The headline is the 3 findings.

The useful engineering story is what happened around them:

how to spin up vendor router firmware without a full hardware lab
why rootless Podman ended up being the right reset boundary
why QEMU user-mode plus proot was faster to operationalize than full system emulation
what actually breaks when router firmware meets a normal developer machine
how AI drastically shortened the iteration loop once the problem was framed correctly
how the correct automation pipeline makes all the difference

This was less about “AI found bugs for me” and more about “AI helped me get through the painful firmware bring-up work fast enough that deeper reverse engineering became easy to sustain.”

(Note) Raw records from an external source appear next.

lemma
  assumes fmu: "finite_measure \<mu>" and sb: "sets \<mu> = sets borel"
  shows integrable_hilbert_integral_measure: "integrable \<mu> (\<lambda>z. hilbert_integral fV (y - z))"
    and set_integrable_hilbert_conv_meas:
      "set_integrable lborel {0<..} (\<lambda>s. (conv_meas fV \<mu> (y - s) - conv_meas fV \<mu> (y + s)) / s)"
    and integral_hilbert_integral_measure:
      "(\<integral>z. hilbert_integral fV (y - z) \<partial>\<mu>) = hilbert_integral (conv_meas fV \<mu>) y"
proof -
  have "(\<lambda>s::real. indicator {0<..} s *\<^sub>R (1 / s)) = (\<lambda>s. indicator {0<..} s * inverse s)"
    by (simp add: fun_eq_iff divide_inverse)
  then have wm: "(\<lambda>s::real. indicator {0<..} s *\<^sub>R (1 / s)) \<in> borel_measurable borel"
    by simp
  have wi: "integrable lborel (\<lambda>s. indicator {0<..} s *\<^sub>R ((fV (a - s) - fV (a + s)) *\<^sub>R (1 / s)))" for a
    using set_integrable_hilbert_integrand[of a] by (simp add: set_integrable_def)
  have wb: "(\<integral>s. norm (indicator {0<..} s *\<^sub>R ((fV (a - s) - fV (a + s)) *\<^sub>R (1 / s))) \<partial>lborel) \<le> 2 * L + 2" for a
  proof -
    have "(\<integral>s. norm (indicator {0<..} s *\<^sub>R ((fV (a - s) - fV (a + s)) *\<^sub>R (1 / s))) \<partial>lborel)
        \<le> (\<integral>s. hilbert_majorant a s \<partial>lborel)"
      using abs_hilbert_integrand_le[of _ a] hilbert_majorant_nonneg[of a]
      by (intro integral_mono[OF integrable_norm[OF wi] integrable_hilbert_majorant])
        (auto simp: indicator_def divide_inverse mult.commute)
    then show ?thesis
      using integral_hilbert_majorant_le[of a] by linarith
  qed
  have eq: "hilbert_integral fV (y - z) = (LINT s:{0<..}|lborel. (fV (y - z - s) - fV (y - z + s)) *\<^sub>R (1 / s))" for z
    by (simp add: hilbert_integral_def divide_inverse)
  show "integrable \<mu> (\<lambda>z. hilbert_integral fV (y - z))"
    unfolding eq by (rule integrable_weighted_difference_measure[OF fmu sb wm wi wb])
  show "set_integrable lborel {0<..} (\<lambda>s. (conv_meas fV \<mu> (y - s) - conv_meas fV \<mu> (y + s)) / s)"
    using set_integrable_conv_meas_weighted_difference[OF fmu sb wm wi wb] by (simp add: divide_inverse)
  show "(\<integral>z. hilbert_integral fV (y - z) \<partial>\<mu>) = hilbert_integral (conv_meas fV \<mu>) y"
    unfolding eq set_integral_conv_meas_weighted_difference[OF fmu sb wm wi wb, symmetric]
    by (simp add: hilbert_integral_def divide_inverse)
qed

end

section \<open>Kernels with min t 1 * norm (k t) integrable\<close>

lemma abs_diff_symmetric_le:
  fixes F :: "real \<Rightarrow> real"
  assumes bounded: "\<And>x. \<bar>F x\<bar> \<le> B" and lipschitz: "L-lipschitz_on UNIV F" and t: "0 < t"
  shows "\<bar>F (a - t) - F (a + t)\<bar> \<le> (2 * L + 2 * B) * min t 1"
proof -
  have L: "0 \<le> L" and B: "0 \<le> B"
    using lipschitz_on_nonneg[OF lipschitz] order_trans[OF abs_ge_zero bounded] by auto
  have "\<bar>F (a - t) - F (a + t)\<bar> \<le> L * \<bar>(a - t) - (a + t)\<bar>"
    using lipschitz_onD[OF lipschitz, of "a - t" "a + t"] by (simp add: dist_real_def)
  moreover have "\<bar>F (a - t) - F (a + t)\<bar> \<le> 2 * B"
    using bounded[of "a - t"] bounded[of "a + t"] by simp
  ultimately show ?thesis
    using t L B by (cases "t \<le> 1") (auto simp: min_def algebra_simps intro: order_trans)
qed

lemma norm_iexp_neg_minus_iexp_le: "norm (iexp (- x) - iexp x) \<le> 2 * min \<bar>x\<bar> 1"
proof -
  have "iexp (- x) - iexp x = cis (- x) - cis x"
    by (simp only: cis_conv_exp)
  also have "\<dots> = - (\<i> * complex_of_real (2 * sin x))"
    by (simp add: complex_eq_iff)
  finally have "iexp (- x) - iexp x = - (\<i> * complex_of_real (2 * sin x))" .
  then have "norm (iexp (- x) - iexp x) = 2 * \<bar>sin x\<bar>"
    by (simp add: norm_mult)
  then show ?thesis
    using abs_sin_x_le_abs_x[of x] abs_sin_le_one[of x] by simp
qed

lemma exp_neg_abs_mult_le:
  fixes e w :: real assumes e: "0 < e"
  shows "exp (- (e * \<bar>w\<bar>)) * (\<bar>w\<bar> + 1) \<le> (2 / e + 1) * exp (- (e / 2 * \<bar>w\<bar>))"
proof -
  have "\<bar>w\<bar> = 2 / e * (e * \<bar>w\<bar> / 2)" using e by simp
  also have "\<dots> \<le> 2 / e * exp (e * \<bar>w\<bar> / 2)"
  proof (rule mult_left_mono)
    show "e * \<bar>w\<bar> / 2 \<le> exp (e * \<bar>w\<bar> / 2)"
      using exp_ge_add_one_self[of "e * \<bar>w\<bar> / 2"] by linarith
  qed (use e in simp)
  finally have "exp (- (e * \<bar>w\<bar>)) * \<bar>w\<bar> \<le> exp (- (e * \<bar>w\<bar>)) * (2 / e * exp (e * \<bar>w\<bar> / 2))"
    by (rule mult_left_mono) simp
  also have "\<dots> = 2 / e * exp (- (e / 2 * \<bar>w\<bar>))"
    by (simp add: exp_add[symmetric])
  finally have "exp (- (e * \<bar>w\<bar>)) * \<bar>w\<bar> \<le> 2 / e * exp (- (e / 2 * \<bar>w\<bar>))" .
  moreover have "exp (- (e * \<bar>w\<bar>)) \<le> exp (- (e / 2 * \<bar>w\<bar>))"
    using e by (simp add: mult_right_mono)
  ultimately have "exp (- (e * \<bar>w\<bar>)) * \<bar>w\<bar> + exp (- (e * \<bar>w\<bar>)) \<le> 2 / e * exp (- (e / 2 * \<bar>w\<bar>)) + exp (- (e / 2 * \<bar>w\<bar>))"
    by (rule add_mono)
  then show ?thesis
    by (simp only: distrib_left distrib_right mult_1_left mult_1_right)
qed

definition kernel_integral :: "(real \<Rightarrow> complex) \<Rightarrow> (real \<Rightarrow> real) \<Rightarrow> real \<Rightarrow> complex" where
  "kernel_integral k F a = (LINT t:{0<..}|lborel. complex_of_real (F (a - t) - F (a + t)) * k t)"

lemma kernel_integral_diff:
  assumes F: "set_integrable lborel {0<..} (\<lambda>t. complex_of_real (F (a - t) - F (a + t)) * k t)"
    and G: "set_integrable lborel {0<..} (\<lambda>t. complex_of_real (G (a - t) - G (a + t)) * k t)"
  shows "kernel_integral k (\<lambda>x. F x - G x) a = kernel_integral k F a - kernel_integral k G a"
proof -
  have eq: "complex_of_real ((F (a - t) - G (a - t)) - (F (a + t) - G (a + t))) * k t
      = complex_of_real (F (a - t) - F (a + t)) * k t - complex_of_real (G (a - t) - G (a + t)) * k t" for t
    by (simp add: algebra_simps)
  show ?thesis
    unfolding kernel_integral_def eq using F G by simp
qed

locale min1_integrable_kernel =
  fixes k :: "real \<Rightarrow> complex"
  assumes k_measurable: "set_borel_measurable lborel {0<..} k"
    and k_integrable_0_1: "set_integrable lborel {0<..1} (\<lambda>t. t * cmod (k t))"
    and k_integrable_1_infinity: "set_integrable lborel {1..} (\<lambda>t. cmod (k t))"
begin

lemma indicator_k_measurable[measurable]: "(\<lambda>t. indicator {0<..} t *\<^sub>R k t) \<in> borel_measurable borel"
  using k_measurable unfolding set_borel_measurable_def by simp

definition kernel_majorant :: "real \<Rightarrow> real" where
  "kernel_majorant t = indicator {0<..1} t * (t * cmod (k t)) + indicator {1..} t * cmod (k t)"

lemma integrable_kernel_majorant: "integrable lborel kernel_majorant"
  using k_integrable_0_1 k_integrable_1_infinity
  unfolding kernel_majorant_def set_integrable_def by (simp add: mult.commute)

lemma kernel_majorant_nonneg: "0 \<le> kernel_majorant t"
  by (auto simp: kernel_majorant_def indicator_def)

lemma kernel_majorant_ge: "0 < t \<Longrightarrow> min t 1 * cmod (k t) \<le> kernel_majorant t"
  by (cases "t \<le> 1") (auto simp: kernel_majorant_def indicator_def min_def)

Why Router Firmware Bring-Up Is Annoying

If you have not done this before, bringing up embedded userspace from a vendor firmware image sounds like it should be straightforward:

unzip the firmware
extract the root filesystem
run it under QEMU
browse to the web UI

That is not how it goes.

In practice, this firmware expected a real board and a real SoC environment:

switch hardware
Wi-Fi hardware
thermal and LED control paths
board-specific binaries
hotplug state
init ordering that assumes a real boot sequence
ubus objects and config side effects created by services that do not exist yet

If you try to brute-force that manually, you do not spend your day doing reverse engineering. You spend your day dealing with:

symlinks that did not survive extraction
shell scripts failing because expected devices are missing
Lua code blowing up on nil ubus objects
init scripts hanging forever
management paths refusing to load because a completely unrelated board daemon never started
weird differences between Linux-native filesystems and Windows-backed mounts in WSL

I wanted something better:

a clean reset boundary
a way to re-create the lab from scratch every time
a mostly intact userspace boot
enough web-management functionality to validate control-plane behavior
a place where AI could help with triage, patching, and regression testing instead of just generating text

The Architecture

The final setup looks like this:

Windows host for workspace and tooling
Ubuntu in WSL as the Linux control plane
rootless Podman as the container runtime
QEMU user-mode for ARM userland execution
proot to present the extracted firmware rootfs as the process root
a Python orchestration script to extract, patch, and run the firmware reproducibly

I deliberately chose Podman over Docker Engine because this is exactly the kind of workflow where daemonless, rootless containers are a better fit:

easier to reason about in WSL
less ceremony for reset-and-retry loops
good enough Docker compatibility for familiar tooling
a safer boundary when I know init scripts are going to do weird things

QEMU user-mode plus proot was the other important decision. I did not need full machine emulation to start getting value. What I needed was a fast path to run the vendor ARM userspace, start the web stack, and validate management functionality.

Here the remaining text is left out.